New depreciation rules for 2010 (see the information under depreciation)
Forclosure debt forgiveness (see the information under Housing)
Vehicle Donations
The American Jobs Creation Act of 2004 changed the rules for charitable donations of vehicles. The low now only allows a charitable deduction for the amount of the proceeds received by the charity from the sale of the vehicle. The charity must send written notification to the taxpayer of the amount received at the sales. If you claim a value of the car of more than $500, you must have a written acknowledgement of your donation from the organization and must attach it to your return.
Capital Gains tax rates and Dividends
Capital gains are taxed at 0% and 15%. The 0% rate applies to taxpayers otherwise in the tax bracket of 15% or less for regular tax purposes. This rate applies to the years 2008 through 2010. Taxpayers in the regular tax brackets of 25% or greater have a 15% capital gains tax rate. These lower capital gains tax rates expire after 2010 and revert back to the previous rates of 10% and 20%.

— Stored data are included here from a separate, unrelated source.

lemma merge_step_pure:
  assumes "\<eta> > 1/2" and clusters: "\<forall>C\<in>Cs. C \<noteq> {} \<and> C \<subseteq> X"
    and pure: "\<forall>C\<in>Pu. \<exists>T\<in>Ct. C \<subseteq> T"
    and step: "merge_step X ms Ct \<eta> Cs Pu Ci Cj N Cs' Pu'"
  shows "N \<inter> (Ci \<union> Cj) \<noteq> {} \<and> (\<exists>T\<in>Ct. N \<inter> (Ci \<union> Cj) \<subseteq> T)"
proof -
  obtain T where T: "T \<in> Ct" "real (card (Ci \<inter> T)) \<ge> \<eta> * real (card Ci)"
    "real (card (Cj \<inter> T)) \<ge> \<eta> * real (card Cj)"
    using step unfolding merge_step_def by blast
  have ok: "merge_node_ok X ms \<eta> Pu Ci Cj N"
    and deepest: "\<And>M. merge_node_ok X ms \<eta> Pu Ci Cj M \<Longrightarrow> tree_depth X ms M \<le> tree_depth X ms N"
    and C: "Ci \<in> Cs" "Cj \<in> Cs"
    using step unfolding merge_step_def by auto
  have ne: "Ci \<noteq> {}" "Cj \<noteq> {}" and "Ci \<subseteq> X" "Cj \<subseteq> X" using C clusters by auto
  then have fin: "finite Ci" "finite Cj" using finite_X finite_subset by auto
  have meet: "N \<inter> Ci \<inter> T \<noteq> {}"
    using ok merge_threshold_meets_majority[OF fin(1) ne(1) \<open>\<eta> > 1/2\<close> T(2)]
    unfolding merge_node_ok_def by blast
  have "\<exists>T'\<in>Ct. N \<subseteq> T'"
  proof (rule ccontr)
    assume outside: "\<not> (\<exists>T'\<in>Ct. N \<subseteq> T')"
    have "N \<in> tree_nodes X ms" using ok unfolding merge_node_ok_def by blast
    then obtain A B where children: "tree_children ms N A B"
      using node_outside_targets_has_children outside by blast
    note child = tree_children_psubset[OF children]
    have "T \<inter> N \<noteq> {}" using meet by blast
    then obtain Q where Q: "Q \<in> tree_nodes X ms" "Q \<subset> N" "T \<subseteq> Q"
      using target_in_child[OF children T(1)] outside child by blast
    have "real (card (Q \<inter> Ci)) \<ge> (if Ci \<in> Pu then 1 else \<eta>) * real (card Ci)"
      using pure by (intro merge_threshold_superset[OF target_partition T(1) Q(3) fin(1) ne(1)
          \<open>\<eta> > 1/2\<close> T(2)]) auto
    moreover have "real (card (Q \<inter> Cj)) \<ge> (if Cj \<in> Pu then 1 else \<eta>) * real (card Cj)"
      using pure by (intro merge_threshold_superset[OF target_partition T(1) Q(3) fin(2) ne(2)
          \<open>\<eta> > 1/2\<close> T(3)]) auto
    ultimately have "merge_node_ok X ms \<eta> Pu Ci Cj Q"
      unfolding merge_node_ok_def using Q(1) by blast
    with deepest tree_depth_less[OF Q(1) _ Q(2)] \<open>N \<in> tree_nodes X ms\<close> show False
      by (meson not_le)
  qed
  with meet show ?thesis by blast
qed

text \<open>The analysis never needs the current clusters to form a partition of \<open>X\<close>, only to be
  nonempty subsets of it.\<close>

definition sound_state :: "'a set set \<Rightarrow> 'a set set \<Rightarrow> bool" where
  "sound_state Cs Pu \<longleftrightarrow> (\<forall>C\<in>Cs. C \<noteq> {} \<and> C \<subseteq> X) \<and> (\<forall>C\<in>Pu. \<exists>T\<in>Ct. C \<subseteq> T)"

lemma split_step_sound:
  assumes "sound_state Cs Pu" "split_step X ms Ct Cs Pu C N1 N2 Cs' Pu'"
  shows "sound_state Cs' Pu'"
  using assms split_step_clean[OF assms(2)]
  unfolding sound_state_def split_step_def clean_split_def by blast

lemma merge_step_sound:
  assumes "\<eta> > 1/2" and sound: "sound_state Cs Pu"
    and step: "merge_step X ms Ct \<eta> Cs Pu Ci Cj N Cs' Pu'"
  shows "sound_state Cs' Pu'"
proof -
  have clusters: "\<forall>C\<in>Cs. C \<noteq> {} \<and> C \<subseteq> X" and pure: "\<forall>C\<in>Pu. \<exists>T\<in>Ct. C \<subseteq> T"
    using sound unfolding sound_state_def by auto
  have new: "N \<inter> (Ci \<union> Cj) \<noteq> {}" "\<exists>T\<in>Ct. N \<inter> (Ci \<union> Cj) \<subseteq> T"
    using merge_step_pure[OF assms(1) clusters pure step] by auto
  have C: "Ci \<in> Cs" "Cj \<in> Cs"
    and Cs': "Cs' = (Cs - {Ci, Cj}) \<union> ({Ci - N, Cj - N} - {{}}) \<union> {N \<inter> (Ci \<union> Cj)}"
    and Pu': "Pu' = (Pu - {Ci, Cj}) \<union>
      {D. D \<noteq> {} \<and> ((D = Ci - N \<and> Ci \<in> Pu) \<or> (D = Cj - N \<and> Cj \<in> Pu))} \<union>
      {N \<inter> (Ci \<union> Cj)}"
    using step unfolding merge_step_def by auto
  have "Ci \<subseteq> X" "Cj \<subseteq> X" using C clusters by auto
  then have "\<forall>C\<in>Cs'. C \<noteq> {} \<and> C \<subseteq> X" using clusters new(1) unfolding Cs' by blast
  moreover have "\<forall>C\<in>Pu'. \<exists>T\<in>Ct. C \<subseteq> T"
  proof
    fix D assume "D \<in> Pu'"
    then consider "D \<in> Pu" | "D \<subseteq> Ci" "Ci \<in> Pu" | "D \<subseteq> Cj" "Cj \<in> Pu" | "D = N \<inter> (Ci \<union> Cj)"
      unfolding Pu' by blast
    then show "\<exists>T\<in>Ct. D \<subseteq> T"
    proof cases
      case 2
      then show ?thesis using pure by (meson subset_trans)
    next
      case 3
      then show ?thesis using pure by (meson subset_trans)
    qed (use pure new(2) in simp_all)
  qed
  ultimately show ?thesis unfolding sound_state_def ..
qed

lemma proc_steps_sound:
  assumes "\<eta> > 1/2" "(proc_step X ms Ct \<eta>)\<^sup>*\<^sup>* st st'" "sound_state (fst st) (snd st)"
  shows "sound_state (fst st') (snd st')"
  using assms(2,3)
proof (induction rule: rtranclp_induct)
  case (step st' st'')
  then show ?case
    using split_step_sound merge_step_sound[OF assms(1)] unfolding proc_step_def by blast
qed

end

theorem lemma13:
  fixes X :: "'a set" and S :: "'a \<Rightarrow> 'a \<Rightarrow> real" and Ct :: "'a set set" and \<eta> :: real
    and ms :: "('a set \<times> 'a set) list" and Cs0 Cs Pu :: "'a set set"
  assumes "finite X"
    and "\<forall>x\<in>X. \<forall>y\<in>X. S x y = S y x"
    and "is_partition X Ct"
    and "stable S Ct"
    and "\<eta> > 1/2"
    and "avg_linkage_tree S X ms"
    and "is_partition X Cs0"
    and "(proc_step X ms Ct \<eta>)\<^sup>*\<^sup>* (Cs0, {}) (Cs, Pu)"
  shows "(\<forall>C N1 N2 Cs' Pu'. split_step X ms Ct Cs Pu C N1 N2 Cs' Pu' \<longrightarrow>
            clean_split Ct C (C \<inter> N1) (C \<inter> N2))
       \<and> (\<forall>Ci Cj N Cs' Pu'. merge_step X ms Ct \<eta> Cs Pu Ci Cj N Cs' Pu' \<longrightarrow>
            N \<inter> (Ci \<union> Cj) \<noteq> {} \<and> (\<exists>T\<in>Ct. N \<inter> (Ci \<union> Cj) \<subseteq> T))"
proof -
  interpret laminar_linkage_tree X ms Ct
    by (rule avg_linkage_tree_laminar[OF assms(1-4,6)])
  have "sound_state Cs0 {}"
    using assms(7) unfolding sound_state_def is_partition_def by blast
  then have "sound_state Cs Pu"
    using proc_steps_sound[OF assms(5,8)] by simp
  then have clusters: "\<forall>C\<in>Cs. C \<noteq> {} \<and> C \<subseteq> X" and pure: "\<forall>C\<in>Pu. \<exists>T\<in>Ct. C \<subseteq> T"
    unfolding sound_state_def by auto
  show ?thesis
    using split_step_clean merge_step_pure[OF assms(5) clusters pure] by blast
qed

Dividends received by an individual shareholder from domestic and qualified foreign corporations generally are taxed at the same rates that apply to capital gains. This effectively taxes dividends received at the current 0% and 15% rates through the end of 2010.
Kiddie Tax
The kiddie tax previously applied to a child under the age of 18. With the passage of the 2007 Small Business & Work Opportunities Tax Act the kiddie tax is expanded to apply to children who are 18 years old or who are full-time students over age 18, but under age 24. The expanded provison applies only to children whose earned income does not exceed one-half of the amount of their support. This change is effective for the year 2008.
Estate and Gift Tax
The annual gift tax exclusion is currently $13,000 per person. The Estate Tax exemption increased to $3,500,000 for the year 2009. Under current law, the Estate Tax is completely repealed for the year 2010, but returns in 2011 with an exemption of $1,000,000. Look for this rule to be either repealed or changed for 2010. Updates will be posted on this site. The big change in 2010 with the temporary repeal of the estate tax is that the basis of assets inherited by the estate beneficiaries is now cost basis, the same as the basis for gifts, and will not be revalued to fair market value on the date of death. There is an exception for up to $1.3 million of estate assets to continue to be valued at fair market value as of the date of death and for $3.0 million of estate assets to be valued at fair market value at date of death if the beneficiary is the surviving spouse.